Ticket to Marseille (original title: Passage to Marseille ) is an American adventure film by Michael Curtiz from 1944 with Humphrey Bogart in the leading role. The novel Men Without Country by Charles Nordhoff and James Norman Hall served as a literary model .

action

Capt. Freycinet, the head of a French bomber squadron stationed in England, tells the war correspondent Manning the story of gunner Jean Matrac:

When the Second World War broke out, Freycinet was scheduled to return to France from Southeast Asia on the freighter Ville de Nancy . The French major Duval is also on board. After crossing the Panama Canal , they come across a boat with five emaciated men. These claim to be simple miners traveling from Venezuela to France. However, Duval is convinced that the men fled Devil's Island, a penal colony. However , contrary to Duval's warnings, the captain of the Ville de Nancy , Patain Malo, does not want to tie her up and instead let her be hired on his ship. Later, one of the men named Renault admits to Freycinet that they actually fled Devil's Island. He himself ended up as a deserter on the island, two of the others, Garou and Petit, were banished to the penal colony for murder and manslaughter, another named Marius was a thief. Their leader Matrac, however, was a political prisoner. Due to the terrible conditions on the island, they planned to escape.

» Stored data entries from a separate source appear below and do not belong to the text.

lemma T_apply_scale: "T_apply R (\<lambda>n. c * x n) = (\<lambda>m. c * T_apply R x m)"
  unfolding T_apply_def by (simp add: sum_distrib_left mult_ac)

subsection \<open>Comparison of T_R with the cotangent kernel\<close>

lemma T_apply_split:
  "T_apply R x m = (\<Sum>n=1..R. cot_kernel N m n * x n) + (\<Sum>n=1..R. (T_entry m n - cot_kernel N m n) * x n)"
  unfolding T_apply_def by (simp add: sum.distrib[symmetric] algebra_simps)

lemma norm_T_entry_minus_cot_kernel:
  assumes "R < N" "pi * real R \<le> real N" "m \<in> {1..R}" "n \<in> {1..R}"
  shows "cmod (T_entry m n - cot_kernel N m n) \<le> pi^2 * real R / (real N)^2"
proof (cases "m = n")
  case True
  then show ?thesis
    using assms by (simp add: T_entry_def cot_kernel_diag)
next
  case False
  have N: "N > 0"
    using assms by auto
  define b where "b = pi * (real m - real n) / real N"
  have dist: "\<bar>real m - real n\<bar> \<le> real R"
    using assms by auto
  have abs_b: "\<bar>b\<bar> = pi * \<bar>real m - real n\<bar> / real N"
    by (simp add: b_def abs_mult)
  have "pi * \<bar>real m - real n\<bar> \<le> real N"
    using order_trans[OF mult_left_mono[OF dist, of pi] assms(2)] by simp
  then have "\<bar>b\<bar> \<le> 1"
    unfolding abs_b using N by (simp add: divide_le_eq)
  have "b \<noteq> 0"
    using False N by (simp add: b_def)
  have "T_entry m n - cot_kernel N m n = of_real (pi / real N * (1 / b - cot b))"
    using False N assms
    by (simp add: T_entry_def cot_kernel_off_diag b_def field_simps)
  then have "cmod (T_entry m n - cot_kernel N m n) = pi / real N * \<bar>cot b - 1/b\<bar>"
    by (simp only: norm_of_real) (simp add: abs_mult abs_minus_commute)
  also have "\<dots> \<le> pi / real N * \<bar>b\<bar>"
    by (rule mult_left_mono[OF abs_cot_minus_inverse_le[OF \<open>b \<noteq> 0\<close> \<open>\<bar>b\<bar> \<le> 1\<close>]]) simp
  also have "\<dots> \<le> pi^2 * real R / (real N)^2"
    unfolding abs_b using dist N by (simp add: power2_eq_square field_simps mult_left_mono)
  finally show ?thesis .
qed

lemma vec_norm2_error_apply_le:
  assumes "R \<ge> 1" "N = 16*R^2"
  shows "vec_norm2 R (\<lambda>m. \<Sum>n=1..R. (T_entry m n - cot_kernel N m n) * x n) \<le> pi / (16 * real R) * vec_norm2 R x"
proof -
  have real_N: "real N = 16 * (real R)^2"
    using assms by simp
  have "R < N"
    using assms by (simp add: power2_eq_square)
  moreover have "pi * real R \<le> real N"
    using pi_less_4 assms mult_right_mono[of pi 16 "real R"]
    unfolding real_N by (simp add: power2_eq_square)
  ultimately have "vec_norm2 R (\<lambda>m. \<Sum>n=1..R. (T_entry m n - cot_kernel N m n) * x n)
      \<le> real R * (pi^2 * real R / (real N)^2) * vec_norm2 R x"
    by (intro vec_norm2_matrix_apply_le norm_T_entry_minus_cot_kernel)
  also have "real R * (pi^2 * real R / (real N)^2) = pi / (16 * real R) * (pi / (16 * real R))"
    unfolding real_N using assms by (simp add: field_simps power2_eq_square)
  also have "\<dots> \<le> pi / (16 * real R)"
    using assms pi_less_4 by (intro mult_left_le) auto
  finally show ?thesis
    by (simp add: mult_right_mono vec_norm2_nonneg)
qed

lemma cot_kernel_apply_dft:
  "(\<Sum>n=1..R. cot_kernel N m n * x n)
     = (1/of_nat N) * (\<Sum>j<N. (hilbert_symbol N j * dft N R x j) * cnj (unit_root N (j*m)))"
proof -
  have "(\<Sum>n=1..R. cot_kernel N m n * x n) = (1/of_nat N) *
      (\<Sum>n=1..R. \<Sum>j<N. x n * (hilbert_symbol N j * (unit_root N (j*n) * cnj (unit_root N (j*m)))))"
    unfolding cot_kernel_def by (simp add: sum_distrib_left sum_distrib_right mult_ac)
  also have "\<dots> = (1/of_nat N) *
      (\<Sum>j<N. \<Sum>n=1..R. x n * (hilbert_symbol N j * (unit_root N (j*n) * cnj (unit_root N (j*m)))))"
    by (subst sum.swap) (rule refl)
  also have "\<dots> = (1/of_nat N) * (\<Sum>j<N. (hilbert_symbol N j * dft N R x j) * cnj (unit_root N (j*m)))"
    unfolding dft_def by (simp add: sum_distrib_left sum_distrib_right mult_ac)
  finally show ?thesis .
qed

lemma cot_kernel_quadratic_form:
  "(\<Sum>m=1..R. (\<Sum>n=1..R. cot_kernel N m n * x n) * cnj (x m))
     = (1/of_nat N) * (\<Sum>j<N. hilbert_symbol N j * of_real ((cmod (dft N R x j))^2))"
proof -
  have "(\<Sum>m=1..R. (\<Sum>n=1..R. cot_kernel N m n * x n) * cnj (x m)) = (1/of_nat N) *
      (\<Sum>m=1..R. \<Sum>j<N. (hilbert_symbol N j * dft N R x j) * (cnj (unit_root N (j*m)) * cnj (x m)))"
    unfolding cot_kernel_apply_dft by (simp only: sum_distrib_left sum_distrib_right mult.assoc)
  also have "\<dots> = (1/of_nat N) *
      (\<Sum>j<N. \<Sum>m=1..R. (hilbert_symbol N j * dft N R x j) * (cnj (unit_root N (j*m)) * cnj (x m)))"
    by (subst sum.swap) (rule refl)
  also have "\<dots> = (1/of_nat N) * (\<Sum>j<N. (hilbert_symbol N j * dft N R x j) * cnj (dft N R x j))"
  proof -
    have "(\<Sum>m\<in>A. Y * (cnj (e m) * cnj (x m))) = Y * cnj (\<Sum>m\<in>A. x m * e m)" for Y A e
      by (simp add: cnj_sum sum_distrib_left mult_ac)
    then show ?thesis
      unfolding dft_def by (intro arg_cong[where f="\<lambda>t. _ * t"] sum.cong refl)
  qed
  also have "\<dots> = (1/of_nat N) * (\<Sum>j<N. hilbert_symbol N j * of_real ((cmod (dft N R x j))^2))"
    by (simp only: complex_norm_square mult.assoc)
  finally show ?thesis .
qed

subsection \<open>The upper bound\<close>

lemma norm_hilbert_symbol:
  assumes "j \<noteq> 0"
  shows "cmod (hilbert_symbol N j) = pi * \<bar>real N - 2*real j\<bar> / real N"
proof -
  have "hilbert_symbol N j = \<i> * of_real (pi * (real N - 2*real j)/real N)"
    using assms by (simp add: hilbert_symbol_def)
  then show ?thesis
    by (simp only: norm_mult norm_ii norm_of_real) (simp add: abs_mult abs_divide)
qed

lemma norm_hilbert_symbol_sq_le:
  assumes "j < N" "0 < K" "2*K \<le> N"
  shows "(cmod (hilbert_symbol N j))^2
    \<le> pi^2 * (1 - 2*real K/real N) + (if j < K \<or> N < j + K then pi^2 * (2*real K/real N) else 0)"
proof (cases "j = 0")
  case True
  then show ?thesis
    using assms by (simp add: hilbert_symbol_def)
next
  case False
  have N: "real N > 0"
    using assms by simp
  have "(cmod (hilbert_symbol N j))^2 = pi^2 * (\<bar>real N - 2*real j\<bar> / real N)^2"
    using False by (simp add: norm_hilbert_symbol power_mult_distrib power_divide)
  also have "\<dots> \<le> pi^2 * (if j < K \<or> N < j + K then 1 else 1 - 2*real K/real N)"
  proof (cases "j < K \<or> N < j + K")
    case True
    have "\<bar>real N - 2*real j\<bar> / real N \<le> 1"
      using assms N by (simp add: divide_le_eq)
    then have "(\<bar>real N - 2*real j\<bar> / real N)^2 \<le> 1"
      by (simp add: power_le_one_iff)
    then show ?thesis
      using True by simp
  next
    case False
    have "\<bar>real N - 2*real j\<bar> \<le> real N - 2*real K"
      using False by auto
    then have "\<bar>real N - 2*real j\<bar> / real N \<le> 1 - 2*real K/real N"
      using N by (simp add: field_simps)
    moreover have "\<bar>real N - 2*real j\<bar> / real N \<le> 1"
      using assms N by (simp add: divide_le_eq)
    moreover have "t^2 \<le> t" if "0 \<le> t" "t \<le> 1" for t :: real
      using that by (simp add: power2_eq_square mult_left_le_one_le)
    ultimately have "(\<bar>real N - 2*real j\<bar> / real N)^2 \<le> 1 - 2*real K/real N"
      using N by (meson abs_ge_zero divide_nonneg_pos order_trans)
    then show ?thesis
      using False by simp
  qed
  also have "\<dots> = pi^2 * (1 - 2*real K/real N) + (if j < K \<or> N < j + K then pi^2 * (2*real K/real N) else 0)"
    by (simp add: algebra_simps)
  finally show ?thesis .
qed

lemma card_near_ends:
  assumes "2*K \<le> N"
  shows "card {j\<in>{..<N}. j < K \<or> N < j + K} \<le> 2*K"
proof -
  have "card {j\<in>{..<N}. j < K \<or> N < j + K} \<le> card ({..<K} \<union> {N-K<..<N})"
    by (rule card_mono) auto
  also have "\<dots> \<le> card {..<K} + card {N-K<..<N}"
    by (rule card_Un_le)
  finally show ?thesis
    using assms by simp
qed

lemma norm_hilbert_symbol_dft_sq_le:
  assumes "R \<ge> 1" "N = 16*R^2" "j < N"
  shows "(cmod (hilbert_symbol N j * dft N R x j))^2
    \<le> pi^2 * (1 - 1/(2*real R)) * (cmod (dft N R x j))^2
      + pi^2 / (2*real R) * (if j < 4*R \<or> N < j + 4*R then real R * (vec_norm2 R x)^2 else 0)"
proof -
  define X where "X = (cmod (dft N R x j))^2"
  define near where "near \<longleftrightarrow> j < 4*R \<or> N < j + 4*R"
  define c where "c = pi^2 / (2*real R)"
  have ratio: "2 * real (4*R) / real N = 1 / (2 * real R)"
    using assms by (simp add: power2_eq_square field_simps)
  have "0 < 4*R" "2*(4*R) \<le> N"
    using assms by (simp_all add: power2_eq_square)
  from norm_hilbert_symbol_sq_le[OF assms(3) this]
  have "(cmod (hilbert_symbol N j))^2
      \<le> pi^2 * (1 - 1/(2*real R)) + (if near then pi^2 * (1 / (2*real R)) else 0)"
    unfolding ratio near_def .
  then have "(cmod (hilbert_symbol N j))^2 \<le> pi^2 * (1 - 1/(2*real R)) + (if near then c else 0)"
    by (cases near) (simp_all add: c_def)
  then have "(cmod (hilbert_symbol N j))^2 * X \<le> (pi^2 * (1 - 1/(2*real R)) + (if near then c else 0)) * X"
    by (rule mult_right_mono) (simp add: X_def)
  moreover have "(cmod (hilbert_symbol N j * dft N R x j))^2 = (cmod (hilbert_symbol N j))^2 * X"
    by (simp add: X_def norm_mult power_mult_distrib)
  moreover have "c * X \<le> c * (real R * (vec_norm2 R x)^2)"
    by (rule mult_left_mono) (simp_all add: c_def X_def norm_dft_sq_le)
  ultimately show ?thesis
    unfolding near_def[symmetric] X_def[symmetric] c_def[symmetric]
    by (cases near) (simp_all add: distrib_right)
qed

It turns out that Matrac was a journalist in France until 1938. As a patriot and anti-fascist he had criticized the Vichy government in his newspaper, which was immediately discontinued. With a woman named Paula he fled to a rural area. They married, but their happiness was short-lived. Matrac was falsely accused of the murder of a reporter and was eventually taken to Devil's Island.

Before fleeing the island, Matrac, Renault and the three other men vowed that they would fight for France if their escape were successful. Freycinet now wants to help them. The Ville de Nancy should actually head for Marseille . Since Captain Malo fears that his cargo could fall into the hands of the Germans there, he agrees to change course and to dock in an English port. Major Duval and several other Vichy supporters want to prevent this from happening, however. They try to take over the ship, but are then overwhelmed by the sailors and Matrac's men. One of Duval's men was able to communicate their position to the Germans via radio, whereupon the freighter was attacked by a German plane. Several men are killed on board before Matrac manages to shoot down the plane. The German pilots survived the crash and try to climb onto the wings of their aircraft floating in the sea, but Matrac shoots them down mercilessly.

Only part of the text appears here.